Blood Sugar-Friendly Vegetable Soup Recipe

Instructions

Step 1: Prepare the Ingredients

  1. Wash and chop all the vegetables: dice the potatoes, slice the carrots and celery, chop the bell pepper, shred the cabbage, and finely chop the onion and garlic.

Step 2: Sauté the Aromatics

  1. Heat olive oil in a large pot over medium heat (skip the oil if you’re aiming for an oil-free version).
  2. Add the chopped onion and sauté for 2–3 minutes , or until softened.
  3. Stir in the minced garlic and cook for another 30 seconds , just until fragrant.

Step 3: Add Vegetables and Broth

  1. Add the diced potatoes, sliced carrots, chopped celery, and bell pepper to the pot. Stir to combine and cook for 3–4 minutes , allowing the vegetables to soften slightly.
  2. Pour in the vegetable broth, ensuring all the vegetables are submerged. Add the shredded cabbage, thyme, bay leaf, salt, and pepper. Stir well to combine.

Step 4: Simmer the Soup

  1. Bring the soup to a boil, then reduce the heat to low and let it simmer uncovered for 20–25 minutes , or until the potatoes and carrots are tender. Stir occasionally to prevent sticking.

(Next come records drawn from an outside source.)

(* Let $G=(V,E)$ be a vertex-color-avoiding connected graph on $n\ge 2$ vertices such that $G-e$ is not vertex-color-avoiding connected for any $e\in E$. Then $|E|\le 2n-3$, and if the vertices are colored with exactly $k=3$ colors, this upper bound is sharp (attained by suitable such graphs). Moreover, if the vertices are colored with exactly $k=1$ or $k=2$ colors, then $|E|=n-1$.
   Context: Vertex-colorings are arbitrary (not necessarily proper). Two vertices $u,v$ are vertex-$c$-avoiding connected (for a color $c$) if there is a $u$-$v$ path and either at least one of $u,v$ has color $c$ or some $u$-$v$ path contains no vertex of color $c$. A graph is vertex-color-avoiding connected if any two vertices are vertex-$c$-avoiding connected for every color $c$. $G-e$ denotes $G$ with edge $e$ removed. *)

theory Defs
  imports Main
begin

definition simple_graph :: "'a set \<Rightarrow> 'a set set \<Rightarrow> bool" where
  "simple_graph V E \<longleftrightarrow> finite V \<and> (\<forall>e\<in>E. e \<subseteq> V \<and> card e = 2)"

definition path_within :: "'a set set \<Rightarrow> 'a set \<Rightarrow> 'a \<Rightarrow> 'a \<Rightarrow> bool" where
  "path_within E S u v \<longleftrightarrow> (\<exists>p. p \<noteq> [] \<and> hd p = u \<and> last p = v \<and> distinct p \<and> set p \<subseteq> S \<and>
      (\<forall>i. Suc i < length p \<longrightarrow> {p ! i, p ! Suc i} \<in> E))"

definition vertex_c_avoiding_connected ::
  "'a set \<Rightarrow> 'a set set \<Rightarrow> ('a \<Rightarrow> 'b) \<Rightarrow> 'b \<Rightarrow> 'a \<Rightarrow> 'a \<Rightarrow> bool" where
  "vertex_c_avoiding_connected V E col c u v \<longleftrightarrow>
     path_within E V u v \<and>
     (col u = c \<or> col v = c \<or> path_within E {w \<in> V. col w \<noteq> c} u v)"

definition vca_connected :: "'a set \<Rightarrow> 'a set set \<Rightarrow> ('a \<Rightarrow> 'b) \<Rightarrow> bool" where
  "vca_connected V E col \<longleftrightarrow>
     (\<forall>u\<in>V. \<forall>v\<in>V. \<forall>c. vertex_c_avoiding_connected V E col c u v)"

definition minimal_vca_connected :: "'a set \<Rightarrow> 'a set set \<Rightarrow> ('a \<Rightarrow> 'b) \<Rightarrow> bool" where
  "minimal_vca_connected V E col \<longleftrightarrow>
     vca_connected V E col \<and> (\<forall>e\<in>E. \<not> vca_connected V (E - {e}) col)"

end

theory Submission
  imports Defs
begin

(* Write r_T(F) for the rank of an edge set F in the graphic matroid on a vertex set T, i.e. |T|
   minus the number of components of the graph on T formed by the edges of F inside T, and V - c
   for the set of vertices not coloured c. Minimality says that every edge xy is a bridge of G or
   of some G[V - c] containing x and y. Adding the edges of G one at a time, the potential
     sum_c r_(V - c)(F) - (k - 3) r_V(F)
   therefore grows by at least one per edge: an edge joining two components of V also joins two
   components of each of the at least k - 2 graphs G[V - c] with c not a colour of its ends, and
   any other edge is a bridge of some G[V - c]. For F = E all these graphs are connected, so
   |E| <= sum_c (|V - c| - 1) - (k - 3)(n - 1) = 2n - 3.
   With one colour every edge is a bridge of G. With two colours every edge inside a colour class
   is a bridge of that connected class and at most one edge joins the two classes, so G is a tree.
   The bound is attained by K_(1,1,n-2) coloured by its three parts. *)

section \<open>Connectivity inside a vertex set\<close>

definition adj_in :: "'a set set \<Rightarrow> 'a set \<Rightarrow> 'a \<Rightarrow> 'a \<Rightarrow> bool" where
  "adj_in E T a b \<longleftrightarrow> {a, b} \<in> E \<and> a \<in> T \<and> b \<in> T"

abbreviation reach_in :: "'a set set \<Rightarrow> 'a set \<Rightarrow> 'a \<Rightarrow> 'a \<Rightarrow> bool" where
  "reach_in E T \<equiv> (adj_in E T)\<^sup>*\<^sup>*"

lemma adj_in_sym: "adj_in E T a b \<Longrightarrow> adj_in E T b a"
  by (auto simp: adj_in_def insert_commute)

lemma reach_in_sym: "reach_in E T a b \<Longrightarrow> reach_in E T b a"
  by (induction rule: rtranclp_induct)
     (auto intro: converse_rtranclp_into_rtranclp adj_in_sym)

lemma reach_in_mono:
  assumes "E \<subseteq> E'" "T \<subseteq> T'" "reach_in E T a b"
  shows "reach_in E' T' a b"
proof -
  have "adj_in E T \<le> adj_in E' T'"
    using assms(1,2) by (auto simp: adj_in_def)
  then show ?thesis
    using assms(3) rtranclp_mono by blast
qed

lemma reach_in_cong:
  assumes "\<And>a b. a \<in> T \<Longrightarrow> b \<in> T \<Longrightarrow> {a, b} \<in> E \<longleftrightarrow> {a, b} \<in> E'"
  shows "reach_in E T = reach_in E' T"
proof -
  have "adj_in E T = adj_in E' T"
    using assms by (auto simp: adj_in_def fun_eq_iff)
  then show ?thesis by simp
qed

lemma reach_in_from_isolated:
  assumes "reach_in E T x y" "\<And>z. \<not> adj_in E T x z"
  shows "y = x"
  using assms by (auto elim: converse_rtranclpE)

lemma reach_in_hub:
  assumes "h \<in> T" "\<And>w. w \<in> T \<Longrightarrow> w \<noteq> h \<Longrightarrow> {h, w} \<in> E" "u \<in> T" "v \<in> T"
  shows "reach_in E T u v"
proof -
  have "reach_in E T h w" if "w \<in> T" for w
    using assms(1,2) that by (cases "w = h") (auto simp: adj_in_def)
  then show ?thesis
    using assms(3,4) by (meson reach_in_sym rtranclp_trans)
qed

lemma reach_in_if_path_within:
  assumes "path_within E S u v"
  shows "reach_in E S u v"
proof -
  obtain p where p: "p \<noteq> []" "hd p = u" "last p = v" "set p \<subseteq> S"
    "\<And>i. Suc i < length p \<Longrightarrow> {p ! i, p ! Suc i} \<in> E"
    using assms unfolding path_within_def by blast
  have "reach_in E S u (p ! i)" if "i < length p" for i
    using that
  proof (induction i)
    case 0
    then show ?case
      using p by (simp add: hd_conv_nth)
  next
    case (Suc i)
    then have "adj_in E S (p ! i) (p ! Suc i)"
      using p unfolding adj_in_def by (meson Suc_lessD nth_mem subsetD)
    then show ?case
      using Suc by (meson Suc_lessD rtranclp.rtrancl_into_rtrancl)
  qed
  from this[of "length p - 1"] show ?thesis
    using p by (simp add: last_conv_nth)
qed

lemma path_within_if_reach_in:
  assumes "reach_in E S u v" "u \<in> S"
  shows "path_within E S u v"
  using assms(1)
proof (induction rule: rtranclp_induct)
  case base
  show ?case
    unfolding path_within_def using assms(2) by (intro exI[of _ "[u]"]) auto
next
  case (step a b)
  obtain p where p: "p \<noteq> []" "hd p = u" "last p = a" "distinct p" "set p \<subseteq> S"
    "\<And>i. Suc i < length p \<Longrightarrow> {p ! i, p ! Suc i} \<in> E"
    using step.IH unfolding path_within_def by blast
  have ab: "{a, b} \<in> E" "b \<in> S"
    using step.hyps(2) unfolding adj_in_def by auto
  show ?case
  proof (cases "b \<in> set p")
    case True
    then obtain j where j: "j < length p" "p ! j = b"
      by (meson in_set_conv_nth)
    have "last (take (Suc j) p) = b"
      using j by (simp add: take_Suc_conv_app_nth)
    then show ?thesis
      unfolding path_within_def using p j
      by (intro exI[of _ "take (Suc j) p"]) (auto dest: in_set_takeD)
  next
    case False
    have "{(p @ [b]) ! i, (p @ [b]) ! Suc i} \<in> E" if "Suc i < length (p @ [b])" for i
    proof (cases "Suc i < length p")
      case False
      then have "i = length p - 1"
        using that by simp
      then show ?thesis
        using p ab by (simp add: nth_append last_conv_nth)
    qed (use p in \<open>simp add: nth_append\<close>)
    then show ?thesis
      unfolding path_within_def using p ab False
      by (intro exI[of _ "p @ [b]"]) auto
  qed
qed

lemma path_within_iff_reach_in: "u \<in> S \<Longrightarrow> path_within E S u v \<longleftrightarrow> reach_in E S u v"
  by (rule iffI[OF reach_in_if_path_within path_within_if_reach_in])

section \<open>Components and graphic rank\<close>

definition component_in :: "'a set set \<Rightarrow> 'a set \<Rightarrow> 'a \<Rightarrow> 'a set" where
  "component_in E T x = {y. reach_in E T x y}"

definition components_in :: "'a set set \<Rightarrow> 'a set \<Rightarrow> 'a set set" where
  "components_in E T = component_in E T ` T"

lemma component_in_eq_iff: "component_in E T x = component_in E T z \<longleftrightarrow> reach_in E T x z"
proof
  assume eq: "component_in E T x = component_in E T z"
  have "z \<in> component_in E T z"
    by (simp add: component_in_def)
  then have "z \<in> component_in E T x"
    using eq by simp
  then show "reach_in E T x z"
    by (simp add: component_in_def)
next
  assume "reach_in E T x z"
  then show "component_in E T x = component_in E T z"
    unfolding component_in_def by (blast intro: rtranclp_trans reach_in_sym)
qed

lemma card_components_in_empty: "card (components_in {} T) = card T"
proof -
  have "component_in {} T x = {x}" for x
    unfolding component_in_def
    by (auto dest: reach_in_from_isolated simp: adj_in_def)
  then show ?thesis
    by (simp add: components_in_def card_image inj_on_def)
qed

lemma card_components_in_le: "finite T \<Longrightarrow> card (components_in E T) \<le> card T"
  by (simp add: components_in_def card_image_le)

lemma card_components_in_le_card:
  assumes "finite R" "\<And>t. t \<in> T \<Longrightarrow> \<exists>r\<in>R. reach_in E T t r"
  shows "card (components_in E T) \<le> card R"
proof -
  have "components_in E T \<subseteq> component_in E T ` R"
  proof
    fix C assume "C \<in> components_in E T"
    then obtain t where "t \<in> T" "C = component_in E T t"
      by (auto simp: components_in_def)
    with assms(2) obtain r where "r \<in> R" "C = component_in E T r"
      by (metis component_in_eq_iff)
    then show "C \<in> component_in E T ` R" by blast
  qed
  then show ?thesis
    using assms(1) by (meson card_image_le card_mono finite_imageI le_trans)
qed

Step 5: Adjust Seasoning and Serve

  1. Taste the soup and adjust the seasoning with additional salt and pepper if needed. Remove the bay leaf before serving.
  2. Ladle the soup into bowls and garnish with fresh parsley for a pop of color and freshness.

Pro Tips

  • Low-Glycemic Option: Use sweet potatoes instead of regular potatoes for a lower glycemic index option that still provides a rich, hearty texture.
  • Add Protein: Boost the protein content by adding cooked lentils, chickpeas, or shredded chicken to make the soup more filling.
  • Storage: Store leftovers in an airtight container in the refrigerator for up to 4 days . Reheat gently on the stovetop or in the microwave.
  • Freezing: This soup freezes well! Cool completely, then store in freezer-safe containers for up to 3 months . Thaw overnight in the refrigerator before reheating.

Nutrition Facts (Per Serving, based on 6 servings)

  • Calories: ~120 kcal
  • Protein: 3g
  • Carbohydrates: 25g
  • Fat: 1g
  • Fiber: 5g
  • Sugar: 6g

Note: Nutrition values are approximate and may vary based on specific ingredients used.

Why You’ll Love This Recipe

This Blood Sugar-Friendly Vegetable Soup is a simple yet powerful dish that supports balanced blood sugar levels while delivering a wealth of nutrients. The combination of fiber-rich vegetables and low-glycemic ingredients makes it both filling and easy on your body. Whether you’re managing blood sugar or simply craving a comforting bowl of soup, this recipe is sure to become a staple in your kitchen.

Ready to make this nourishing, blood-sugar-friendly soup? Grab your ingredients and enjoy a warm, wholesome meal that’s as healthy as it is delicious—it’s a true treasure for your body!